--- Information given Enclosed Below ---
lemma sum_sqnorm_translate_le:
  assumes "finite G0" "G0 \<subseteq> {g\<in>Gr. r g = x}" "F \<subseteq> fibre x" "finite F'"
  shows "(\<Sum>g\<in>G0. vec_sqnorm I F (translate_vec w F' g)) \<le> vec_sqnorm (I \<times> F) F' w"
proof -
  have "(\<Sum>g\<in>G0. vec_sqnorm I F (translate_vec w F' g)) = (\<Sum>k\<in>I. \<Sum>\<gamma>\<in>F. \<Sum>g\<in>G0. (cmod (translate_vec w F' g k \<gamma>))\<^sup>2)"
    unfolding vec_sqnorm_def by (simp only: sum.swap[where A = G0])
  also have "\<dots> \<le> (\<Sum>k\<in>I. \<Sum>\<gamma>\<in>F. \<Sum>\<alpha>\<in>F'. (cmod (w (k, \<gamma>) \<alpha>))\<^sup>2)"
  proof (intro sum_mono)
    fix k \<gamma> assume "\<gamma> \<in> F"
    have "inj_on (m \<gamma>) G0"
    proof (rule inj_onI)
      fix g g' assume "g \<in> G0" "g' \<in> G0" "m \<gamma> g = m \<gamma> g'"
      moreover from this(1,2) have "g \<in> Gr" "r g = x" "g' \<in> Gr" "r g' = x"
        using assms(2) by auto
      moreover have "\<gamma> \<in> Gr" "d \<gamma> = x"
        using assms(3) \<open>\<gamma> \<in> F\<close> by auto
      ultimately show "g = g'"
        using left_cancel[of \<gamma> g g'] by simp
    qed
    have "(\<Sum>g\<in>G0. (cmod (translate_vec w F' g k \<gamma>))\<^sup>2) = (\<Sum>g\<in>G0. if m \<gamma> g \<in> F' then (cmod (w (k, \<gamma>) (m \<gamma> g)))\<^sup>2 else 0)"
      by (rule sum.cong) (simp_all add: translate_vec_def)
    also have "\<dots> = (\<Sum>g\<in>{g\<in>G0. m \<gamma> g \<in> F'}. (cmod (w (k, \<gamma>) (m \<gamma> g)))\<^sup>2)"
      using assms(1) by (rule sum.inter_filter[symmetric])
    also have "\<dots> = (\<Sum>\<alpha>\<in>m \<gamma> ` {g\<in>G0. m \<gamma> g \<in> F'}. (cmod (w (k, \<gamma>) \<alpha>))\<^sup>2)"
      using inj_on_subset[OF \<open>inj_on (m \<gamma>) G0\<close>] by (simp add: sum.reindex)
    also have "\<dots> \<le> (\<Sum>\<alpha>\<in>F'. (cmod (w (k, \<gamma>) \<alpha>))\<^sup>2)"
      using assms(4) by (intro sum_mono2) auto
    finally show "(\<Sum>g\<in>G0. (cmod (translate_vec w F' g k \<gamma>))\<^sup>2) \<le> (\<Sum>\<alpha>\<in>F'. (cmod (w (k, \<gamma>) \<alpha>))\<^sup>2)" .
  qed
  also have "\<dots> = vec_sqnorm (I \<times> F) F' w"
    by (simp add: vec_sqnorm_product)
  finally show ?thesis .
qed

lemma mat_form_ptmass_matrix_eq_sum:
  assumes "F \<subseteq> fibre x" "finite F'" "F' \<subseteq> fibre y"
    and "finite G0" "G0 \<subseteq> {g\<in>Gr. r g = x}" "\<And>\<gamma>. \<gamma> \<in> F \<Longrightarrow> {g\<in>Gr. r g = x \<and> m \<gamma> g \<in> F'} \<subseteq> G0"
  shows "mat_form (I \<times> F) (ptmass_matrix A) F' \<eta> \<xi> = (\<Sum>g\<in>G0. mat_form I A F (translate_vec \<eta> F' g) (translate_vec \<xi> F' g))"
proof -
  have inner: "(\<Sum>\<alpha>\<in>F'. \<Sum>\<alpha>'\<in>F'. if m \<alpha> (i \<alpha>') = m \<gamma> (i \<beta>) then cnj (\<eta> (k, \<gamma>) \<alpha>) * A k j (m \<gamma> (i \<beta>)) * \<xi> (j, \<beta>) \<alpha>' else 0)
      = (\<Sum>g\<in>G0. cnj (translate_vec \<eta> F' g k \<gamma>) * A k j (m \<gamma> (i \<beta>)) * translate_vec \<xi> F' g j \<beta>)"
    if "\<gamma> \<in> F" "\<beta> \<in> F" for k j \<gamma> \<beta>
  proof -
    have "(\<Sum>\<alpha>\<in>F'. \<Sum>\<alpha>'\<in>F'. if m \<alpha> (i \<alpha>') = m \<gamma> (i \<beta>) then cnj (\<eta> (k, \<gamma>) \<alpha>) * A k j (m \<gamma> (i \<beta>)) * \<xi> (j, \<beta>) \<alpha>' else 0)
      = (\<Sum>g\<in>G0. if m \<gamma> g \<in> F' \<and> m \<beta> g \<in> F'
           then cnj (\<eta> (k, \<gamma>) (m \<gamma> g)) * A k j (m \<gamma> (i \<beta>)) * \<xi> (j, \<beta>) (m \<beta> g) else 0)"
      using that assms by (intro sum_pairs_same_quotient[where x = x and y = y]) auto
    also have "\<dots> = (\<Sum>g\<in>G0. cnj (translate_vec \<eta> F' g k \<gamma>) * A k j (m \<gamma> (i \<beta>)) * translate_vec \<xi> F' g j \<beta>)"
      by (intro sum.cong refl) (simp add: translate_vec_def)
    finally show ?thesis .
  qed
  have "mat_form (I \<times> F) (ptmass_matrix A) F' \<eta> \<xi>
    = (\<Sum>k\<in>I. \<Sum>\<gamma>\<in>F. \<Sum>j\<in>I. \<Sum>\<beta>\<in>F. \<Sum>\<alpha>\<in>F'. \<Sum>\<alpha>'\<in>F'.
        if m \<alpha> (i \<alpha>') = m \<gamma> (i \<beta>) then cnj (\<eta> (k, \<gamma>) \<alpha>) * A k j (m \<gamma> (i \<beta>)) * \<xi> (j, \<beta>) \<alpha>' else 0)"
    unfolding mat_form_product by (intro sum.cong refl) (simp add: ptmass_matrix_def ptmass_def)
  also have "\<dots> = (\<Sum>k\<in>I. \<Sum>\<gamma>\<in>F. \<Sum>j\<in>I. \<Sum>\<beta>\<in>F. \<Sum>g\<in>G0.
      cnj (translate_vec \<eta> F' g k \<gamma>) * A k j (m \<gamma> (i \<beta>)) * translate_vec \<xi> F' g j \<beta>)"
    by (rule sum.cong[OF refl])+ (rule inner)
  also have "\<dots> = (\<Sum>g\<in>G0. mat_form I A F (translate_vec \<eta> F' g) (translate_vec \<xi> F' g))"
    unfolding mat_form_def by (simp only: sum.swap[where B = G0] sum.swap[where A = F and B = I])
  finally show ?thesis .
qed

lemma mat_form_ptmass_matrix_le:
  assumes A: "matNorm Gr X d m i n A \<le> 1" and "x \<in> X" "finite F" "F \<subseteq> fibre x"
    and "finite F'" "F' \<subseteq> fibre y"
  shows "cmod (mat_form ({..<n} \<times> F) (ptmass_matrix A) F' \<eta> \<xi>)
    \<le> (vec_sqnorm ({..<n} \<times> F) F' \<eta> + vec_sqnorm ({..<n} \<times> F) F' \<xi>) / 2"
proof -
  define G0 where "G0 = {g\<in>Gr. r g = x \<and> (\<exists>\<gamma>\<in>F. m \<gamma> g \<in> F')}"
  have "finite G0"
    unfolding G0_def using assms(3-5) by (rule finite_translates)
  have G0: "G0 \<subseteq> {g\<in>Gr. r g = x}" "\<And>\<gamma>. \<gamma> \<in> F \<Longrightarrow> {g\<in>Gr. r g = x \<and> m \<gamma> g \<in> F'} \<subseteq> G0"
    by (auto simp: G0_def)
  have "mat_form ({..<n} \<times> F) (ptmass_matrix A) F' \<eta> \<xi>
      = (\<Sum>g\<in>G0. mat_form {..<n} A F (translate_vec \<eta> F' g) (translate_vec \<xi> F' g))"
    by (rule mat_form_ptmass_matrix_eq_sum[OF assms(4-6) \<open>finite G0\<close> G0])
  then have "cmod (mat_form ({..<n} \<times> F) (ptmass_matrix A) F' \<eta> \<xi>)
      \<le> (\<Sum>g\<in>G0. cmod (mat_form {..<n} A F (translate_vec \<eta> F' g) (translate_vec \<xi> F' g)))"
    by (simp add: norm_sum)
  also have "\<dots> \<le> (\<Sum>g\<in>G0. (vec_sqnorm {..<n} F (translate_vec \<eta> F' g) + vec_sqnorm {..<n} F (translate_vec \<xi> F' g)) / 2)"
    by (intro sum_mono mat_form_le_half_sqnorms[OF A assms(2-4)])
  also have "\<dots> = ((\<Sum>g\<in>G0. vec_sqnorm {..<n} F (translate_vec \<eta> F' g)) + (\<Sum>g\<in>G0. vec_sqnorm {..<n} F (translate_vec \<xi> F' g))) / 2"
    by (simp only: sum_divide_distrib[symmetric] sum.distrib)
  also have "\<dots> \<le> (vec_sqnorm ({..<n} \<times> F) F' \<eta> + vec_sqnorm ({..<n} \<times> F) F' \<xi>) / 2"
    using sum_sqnorm_translate_le[OF \<open>finite G0\<close> G0(1) assms(4,5)] by (intro divide_right_mono add_mono) auto
  finally show ?thesis .
qed

lemma matNorm_ptmass_matrix_le_1:
  assumes "matNorm Gr X d m i n A \<le> 1" "x \<in> X" "finite F" "F \<subseteq> fibre x" "bij_betw \<pi> {..<N} ({..<n} \<times> F)"
  shows "matNorm Gr X d m i N (\<lambda>p q. ptmass_matrix A (\<pi> p) (\<pi> q)) \<le> 1"
proof -
  have "matNorm Gr X d m i N (\<lambda>p q. ptmass_matrix A (\<pi> p) (\<pi> q)) \<le> ereal 1"
  proof (rule matNorm_reindex_leI[OF assms(5)])
    fix y F' \<xi> \<eta> assume "y \<in> X" "finite F'" "F' \<subseteq> fibre y"
      "vec_sqnorm ({..<n} \<times> F) F' \<xi> \<le> 1" "vec_sqnorm ({..<n} \<times> F) F' \<eta> \<le> 1"
    then show "cmod (mat_form ({..<n} \<times> F) (ptmass_matrix A) F' \<eta> \<xi>) \<le> 1"
      using mat_form_ptmass_matrix_le[OF assms(1-4), of F' y \<eta> \<xi>] by simp
  qed
  then show ?thesis
    by (simp add: one_ereal_def)
qed

lemma matNorm_T_ptmass_matrix_le_cbNorm:
  assumes "matNorm Gr X d m i n A \<le> 1" "x \<in> X" "finite F" "F \<subseteq> fibre x"
    and \<pi>: "bij_betw \<pi> {..<N} ({..<n} \<times> F)" and "1 \<le> N"
  shows "matNorm Gr X d m i N (\<lambda>p q. T (ptmass_matrix A (\<pi> p) (\<pi> q))) \<le> cbNorm Gr X d m i T"
proof -
  have entries: "ptmass_matrix A (\<pi> p) (\<pi> q) \<in> Crs Gr X d m i" if "p < N" "q < N" for p q
  proof -
    have "snd (\<pi> p) \<in> F" "snd (\<pi> q) \<in> F"
      using that bij_betwE[OF \<pi>] by force+
    then have "snd (\<pi> p) \<in> fibre x" "snd (\<pi> q) \<in> fibre x"
      using assms(4) by blast+
    then show ?thesis
      using ptmass_in_Crs(2) by (simp add: ptmass_matrix_def[abs_def])
  qed
  show ?thesis
    unfolding cbNorm_def
    using \<open>1 \<le> N\<close> entries matNorm_ptmass_matrix_le_1[OF assms(1-4) \<pi>]
    by (intro Sup_upper CollectI exI[of _ N] exI[of _ "\<lambda>p q. ptmass_matrix A (\<pi> p) (\<pi> q)"]) auto
qed

lemma mat_form_T_ptmass_matrix:
  assumes homog: "\<forall>c::complex. \<forall>a\<in>Crs Gr X d m i. T (\<lambda>\<gamma>. c * a \<gamma>) = (\<lambda>\<gamma>. c * T a \<gamma>)"
    and "finite F" "F \<subseteq> fibre x"
  shows "mat_form (I \<times> F) (\<lambda>P Q. T (ptmass_matrix A P Q)) F
      (\<lambda>P \<alpha>. if \<alpha> = snd P then \<eta> (fst P) \<alpha> else 0) (\<lambda>Q \<alpha>. if \<alpha> = snd Q then \<xi> (fst Q) \<alpha> else 0)
    = mat_form I (\<lambda>k j \<gamma>. phiT Gr X d m i T \<gamma> * A k j \<gamma>) F \<eta> \<xi>"
proof -
  have entry: "T (ptmass_matrix A (k, \<gamma>) (j, \<beta>)) (m \<gamma> (i \<beta>)) = phiT Gr X d m i T (m \<gamma> (i \<beta>)) * A k j (m \<gamma> (i \<beta>))"
    if "\<gamma> \<in> F" "\<beta> \<in> F" for k j \<gamma> \<beta>
  proof -
    define s where "s = m \<gamma> (i \<beta>)"
    have "s \<in> Gr"
      using that assms(3) by (auto simp: s_def subset_iff)
    have "ptmass_matrix A (k, \<gamma>) (j, \<beta>) = (\<lambda>\<alpha>. A k j s * ptmass s \<alpha>)"
      by (rule ext) (simp add: ptmass_matrix_def s_def)
    then have "T (ptmass_matrix A (k, \<gamma>) (j, \<beta>)) s = A k j s * T (ptmass s) s"
      using homog ptmass_in_Crs(1)[OF \<open>s \<in> Gr\<close>] by simp
    then show ?thesis
      using phiT_eq_ptmass[OF \<open>s \<in> Gr\<close>] by (simp add: s_def mult.commute)
  qed
  have "mat_form (I \<times> F) (\<lambda>P Q. T (ptmass_matrix A P Q)) F
      (\<lambda>P \<alpha>. if \<alpha> = snd P then \<eta> (fst P) \<alpha> else 0) (\<lambda>Q \<alpha>. if \<alpha> = snd Q then \<xi> (fst Q) \<alpha> else 0)
    = (\<Sum>k\<in>I. \<Sum>\<gamma>\<in>F. \<Sum>j\<in>I. \<Sum>\<beta>\<in>F. cnj (\<eta> k \<gamma>) * T (ptmass_matrix A (k, \<gamma>) (j, \<beta>)) (m \<gamma> (i \<beta>)) * \<xi> j \<beta>)"
    unfolding mat_form_product by (rule sum.cong[OF refl])+ (simp add: sum_sum_concentrated assms(2))
  also have "\<dots> = (\<Sum>k\<in>I. \<Sum>\<gamma>\<in>F. \<Sum>j\<in>I. \<Sum>\<beta>\<in>F. cnj (\<eta> k \<gamma>) * (phiT Gr X d m i T (m \<gamma> (i \<beta>)) * A k j (m \<gamma> (i \<beta>))) * \<xi> j \<beta>)"
    by (rule sum.cong[OF refl])+ (simp add: entry)
  also have "\<dots> = mat_form I (\<lambda>k j \<gamma>. phiT Gr X d m i T \<gamma> * A k j \<gamma>) F \<eta> \<xi>"
    unfolding mat_form_def by (simp only: sum.swap[where A = F and B = I])
  finally show ?thesis .
qed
--- End of Enclosed Information given ---
▸ **Work request**
Among the lines above, repeat exactly those from the line with "(ptmass_matrix A (\<pi>" to the line with "(j, \<beta>)) s", counting both ends.

▸ **Response to this exercise**
  shows "matNorm Gr X d m i N (\<lambda>p q. T (ptmass_matrix A (\<pi> p) (\<pi> q))) \<le> cbNorm Gr X d m i T"
proof -
  have entries: "ptmass_matrix A (\<pi> p) (\<pi> q) \<in> Crs Gr X d m i" if "p < N" "q < N" for p q
  proof -
    have "snd (\<pi> p) \<in> F" "snd (\<pi> q) \<in> F"
      using that bij_betwE[OF \<pi>] by force+
    then have "snd (\<pi> p) \<in> fibre x" "snd (\<pi> q) \<in> fibre x"
      using assms(4) by blast+
    then show ?thesis
      using ptmass_in_Crs(2) by (simp add: ptmass_matrix_def[abs_def])
  qed
  show ?thesis
    unfolding cbNorm_def
    using \<open>1 \<le> N\<close> entries matNorm_ptmass_matrix_le_1[OF assms(1-4) \<pi>]
    by (intro Sup_upper CollectI exI[of _ N] exI[of _ "\<lambda>p q. ptmass_matrix A (\<pi> p) (\<pi> q)"]) auto
qed

lemma mat_form_T_ptmass_matrix:
  assumes homog: "\<forall>c::complex. \<forall>a\<in>Crs Gr X d m i. T (\<lambda>\<gamma>. c * a \<gamma>) = (\<lambda>\<gamma>. c * T a \<gamma>)"
    and "finite F" "F \<subseteq> fibre x"
  shows "mat_form (I \<times> F) (\<lambda>P Q. T (ptmass_matrix A P Q)) F
      (\<lambda>P \<alpha>. if \<alpha> = snd P then \<eta> (fst P) \<alpha> else 0) (\<lambda>Q \<alpha>. if \<alpha> = snd Q then \<xi> (fst Q) \<alpha> else 0)
    = mat_form I (\<lambda>k j \<gamma>. phiT Gr X d m i T \<gamma> * A k j \<gamma>) F \<eta> \<xi>"
proof -
  have entry: "T (ptmass_matrix A (k, \<gamma>) (j, \<beta>)) (m \<gamma> (i \<beta>)) = phiT Gr X d m i T (m \<gamma> (i \<beta>)) * A k j (m \<gamma> (i \<beta>))"
    if "\<gamma> \<in> F" "\<beta> \<in> F" for k j \<gamma> \<beta>
  proof -
    define s where "s = m \<gamma> (i \<beta>)"
    have "s \<in> Gr"
      using that assms(3) by (auto simp: s_def subset_iff)
    have "ptmass_matrix A (k, \<gamma>) (j, \<beta>) = (\<lambda>\<alpha>. A k j s * ptmass s \<alpha>)"
      by (rule ext) (simp add: ptmass_matrix_def s_def)
    then have "T (ptmass_matrix A (k, \<gamma>) (j, \<beta>)) s = A k j s * T (ptmass s) s"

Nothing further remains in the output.